The project has some package requirements that it needs to run including: 📦

python 3.7
pytorch 1.5.0
openbabel 2.4.1
rdkit
scikit learn
scipy
cairosvg
pandas
matplotlib
sklearn

Because most of the requirements here are older versions of these applications, I installed a virtual environment using conda to run this project:

conda create --name IDLenv python=3.7
conda activate IDLenv

Installing Dependencies 🧩

python 3.7 - Creating the conda environment running this Python version
pytorch 1.5.0 - pip install torch==1.5.0 torchvision==0.6.0 -f https://download.pytorch.org/whl/cpu/torch_stable.html
- " I used the -f flag is used to specify the URL where the PyTorch wheel files for version 1.5.0 are hosted. I used this URL to download the appropriate wheel file for my Windows 10 system."
openbabel 2.4.1 - pip install openbabel openbableerror.log
- After still facing issues with installing openbabel with pip I ran the code below, which fixed the issue: conda install -c openbabel openbabel
- In my research to fix the openbabel issue I found that it is discouraged to run: conda install -c conda-forge openbabel==2.4.1 as it forces updates of other modules in the environment and thus is safer to run the code above.
rdkit - pip install rdkit
scikit learn - pip install scikit-learn
scipy - pip install scipy
cairosvg - pip install cairosvg
pandas - pip install pandas
matplotlib - pip install matplotlib

Running our model 🔗

The model was located on the IDL-PPBopt.ipynb notebook and this was the file I focused on:

The first cell generated an ipykernel package problem, I found a workaround by running: conda activate "D:\ERSILIA MODEL\.conda" conda install -p "D:\ERSILIA MODEL\.conda" ipykernel --update-deps --force-reinstall
- This command ensured that ipykernel is installed and its dependencies are updated or reinstalled if necessary.
I also ran into the ModuleNotFoundError: No module named 'torch', to fix this I ran: pip install torch
Another error that was generated was

d:\ERSILIA MODEL.conda\lib\site-packages\torch\random.py:42: UserWarning: Failed to initialize NumPy: numpy.core.multiarray failed to import (Triggered internally at C:\actions- runner_work\pytorch\pytorch\builder\windows\pytorch\torch\csrc\utils\tensor_numpy.cpp:77.) return default_generator.manual_seed(seed)

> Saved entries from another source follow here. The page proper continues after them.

fun qfree :: "fm \<Rightarrow> bool" where
  "qfree (All _ _) = False" | "qfree (Ex _ _) = False"
| "qfree (Neg p) = qfree p" | "qfree (And p q) = (qfree p \<and> qfree q)"
| "qfree (Or p q) = (qfree p \<and> qfree q)" | "qfree (Imp p q) = (qfree p \<and> qfree q)"
| "qfree _ = True"

definition fm_ground :: "fm \<Rightarrow> bool" where
  "fm_ground p \<longleftrightarrow> qfree p \<and> fv p = {}"

fun is_atom :: "fm \<Rightarrow> bool" where
  "is_atom (Le _ _) = True" | "is_atom (Lt _ _) = True" | "is_atom (Eq _ _) = True"
| "is_atom _ = False"

fun is_literal :: "fm \<Rightarrow> bool" where
  "is_literal (Neg p) = is_atom p" | "is_literal p = is_atom p"

definition monomial :: "fm \<Rightarrow> bool" where
  "monomial m \<longleftrightarrow> (\<exists>ls. list_all is_literal ls \<and> m = foldr And ls TT)"

fun substt :: "subst \<Rightarrow> trm \<Rightarrow> trm" where
  "substt \<sigma> (Var v) = (case \<sigma> v of Some t \<Rightarrow> t | None \<Rightarrow> Var v)"
| "substt \<sigma> (Cst c) = Cst c" | "substt \<sigma> (Num n) = Num n"
| "substt \<sigma> (Add a b) = Add (substt \<sigma> a) (substt \<sigma> b)"
| "substt \<sigma> (Scale k a) = Scale k (substt \<sigma> a)"
| "substt \<sigma> (Sel a i) = Sel (substt \<sigma> a) (substt \<sigma> i)"
| "substt \<sigma> (Store a i x) = Store (substt \<sigma> a) (substt \<sigma> i) (substt \<sigma> x)"

fun subst :: "subst \<Rightarrow> fm \<Rightarrow> fm" where
  "subst \<sigma> TT = TT" | "subst \<sigma> FF = FF"
| "subst \<sigma> (Le a b) = Le (substt \<sigma> a) (substt \<sigma> b)"
| "subst \<sigma> (Lt a b) = Lt (substt \<sigma> a) (substt \<sigma> b)"
| "subst \<sigma> (Eq a b) = Eq (substt \<sigma> a) (substt \<sigma> b)"
| "subst \<sigma> (Neg p) = Neg (subst \<sigma> p)"
| "subst \<sigma> (And p q) = And (subst \<sigma> p) (subst \<sigma> q)"
| "subst \<sigma> (Or p q) = Or (subst \<sigma> p) (subst \<sigma> q)"
| "subst \<sigma> (Imp p q) = Imp (subst \<sigma> p) (subst \<sigma> q)"
| "subst \<sigma> (All v p) = All v (subst (\<sigma>(v := None)) p)"
| "subst \<sigma> (Ex v p) = Ex v (subst (\<sigma>(v := None)) p)"

fun mapct :: "(cnst \<Rightarrow> cnst) \<Rightarrow> trm \<Rightarrow> trm" where
  "mapct f (Var v) = Var v" | "mapct f (Cst c) = Cst (f c)" | "mapct f (Num n) = Num n"
| "mapct f (Add a b) = Add (mapct f a) (mapct f b)"
| "mapct f (Scale k a) = Scale k (mapct f a)"
| "mapct f (Sel a i) = Sel (mapct f a) (mapct f i)"
| "mapct f (Store a i x) = Store (mapct f a) (mapct f i) (mapct f x)"

fun mapcf :: "(cnst \<Rightarrow> cnst) \<Rightarrow> fm \<Rightarrow> fm" where
  "mapcf f TT = TT" | "mapcf f FF = FF"
| "mapcf f (Le a b) = Le (mapct f a) (mapct f b)"
| "mapcf f (Lt a b) = Lt (mapct f a) (mapct f b)"
| "mapcf f (Eq a b) = Eq (mapct f a) (mapct f b)"
| "mapcf f (Neg p) = Neg (mapcf f p)"
| "mapcf f (And p q) = And (mapcf f p) (mapcf f q)"
| "mapcf f (Or p q) = Or (mapcf f p) (mapcf f q)"
| "mapcf f (Imp p q) = Imp (mapcf f p) (mapcf f q)"
| "mapcf f (All v p) = All v (mapcf f p)"
| "mapcf f (Ex v p) = Ex v (mapcf f p)"

fun primec :: "cnst \<Rightarrow> cnst" where
  "primec (Cn s n) = Pr s n" | "primec c = c"

fun unprimec :: "cnst \<Rightarrow> cnst" where
  "unprimec (Pr s n) = Cn s n" | "unprimec c = c"

definition prime :: "fm \<Rightarrow> fm" where "prime = mapcf primec"
definition unprime :: "fm \<Rightarrow> fm" where "unprime = mapcf unprimec"

fun replt :: "(cnst \<Rightarrow> var option) \<Rightarrow> trm \<Rightarrow> trm" where
  "replt \<rho> (Var v) = Var v"
| "replt \<rho> (Cst c) = (case \<rho> c of Some v \<Rightarrow> Var v | None \<Rightarrow> Cst c)"
| "replt \<rho> (Num n) = Num n"
| "replt \<rho> (Add a b) = Add (replt \<rho> a) (replt \<rho> b)"
| "replt \<rho> (Scale k a) = Scale k (replt \<rho> a)"
| "replt \<rho> (Sel a i) = Sel (replt \<rho> a) (replt \<rho> i)"
| "replt \<rho> (Store a i x) = Store (replt \<rho> a) (replt \<rho> i) (replt \<rho> x)"

fun replf :: "(cnst \<Rightarrow> var option) \<Rightarrow> fm \<Rightarrow> fm" where
  "replf \<rho> TT = TT" | "replf \<rho> FF = FF"
| "replf \<rho> (Le a b) = Le (replt \<rho> a) (replt \<rho> b)"
| "replf \<rho> (Lt a b) = Lt (replt \<rho> a) (replt \<rho> b)"
| "replf \<rho> (Eq a b) = Eq (replt \<rho> a) (replt \<rho> b)"
| "replf \<rho> (Neg p) = Neg (replf \<rho> p)"
| "replf \<rho> (And p q) = And (replf \<rho> p) (replf \<rho> q)"
| "replf \<rho> (Or p q) = Or (replf \<rho> p) (replf \<rho> q)"
| "replf \<rho> (Imp p q) = Imp (replf \<rho> p) (replf \<rho> q)"
| "replf \<rho> (All v p) = All v (replf \<rho> p)"
| "replf \<rho> (Ex v p) = Ex v (replf \<rho> p)"

definition sk :: subst where
  "sk v = (case v of IV i \<Rightarrow> Some (Cst (Sk i)) | AV _ \<Rightarrow> None)"

definition SKs :: "cnst set" where "SKs = range Sk"

definition is_abs :: "cnst set \<Rightarrow> fm \<Rightarrow> fm \<times> subst \<Rightarrow> bool" where
  "is_abs U \<phi> r \<longleftrightarrow> (case r of (\<psi>, \<sigma>) \<Rightarrow>
     (\<exists>\<rho>. (\<forall>c\<in>U. vsort (\<rho> c) = csort c \<and> \<rho> c \<notin> fv \<phi>)
         \<and> (\<forall>i. Sk i \<in> U \<longrightarrow> \<rho> (Sk i) = IV i)
         \<and> \<psi> = replf (\<lambda>c. if c \<in> U then Some (\<rho> c) else None) \<phi>)
     \<and> dom \<sigma> = fv \<psi> - fv \<phi> \<and> subst \<sigma> \<psi> = \<phi> \<and> cf \<psi> \<inter> U = {})"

I realized that was because I had not installed numpy and just ran the code: pip install numpy
I also ran across error "setting module not found" in the first cell of IDL-PPBopt.ipynb which contains our model:
- Commenting out the line of code importing the setting module and where it is called from solved the issue as it is only used to raise warnings and thus not critical

SOLVING CUDA ISSUE🔄

The biggest challeng was changing the device processor 'cuda' which was the default, to 'cpu' which my computer is running and converting all references to avoid runtime error.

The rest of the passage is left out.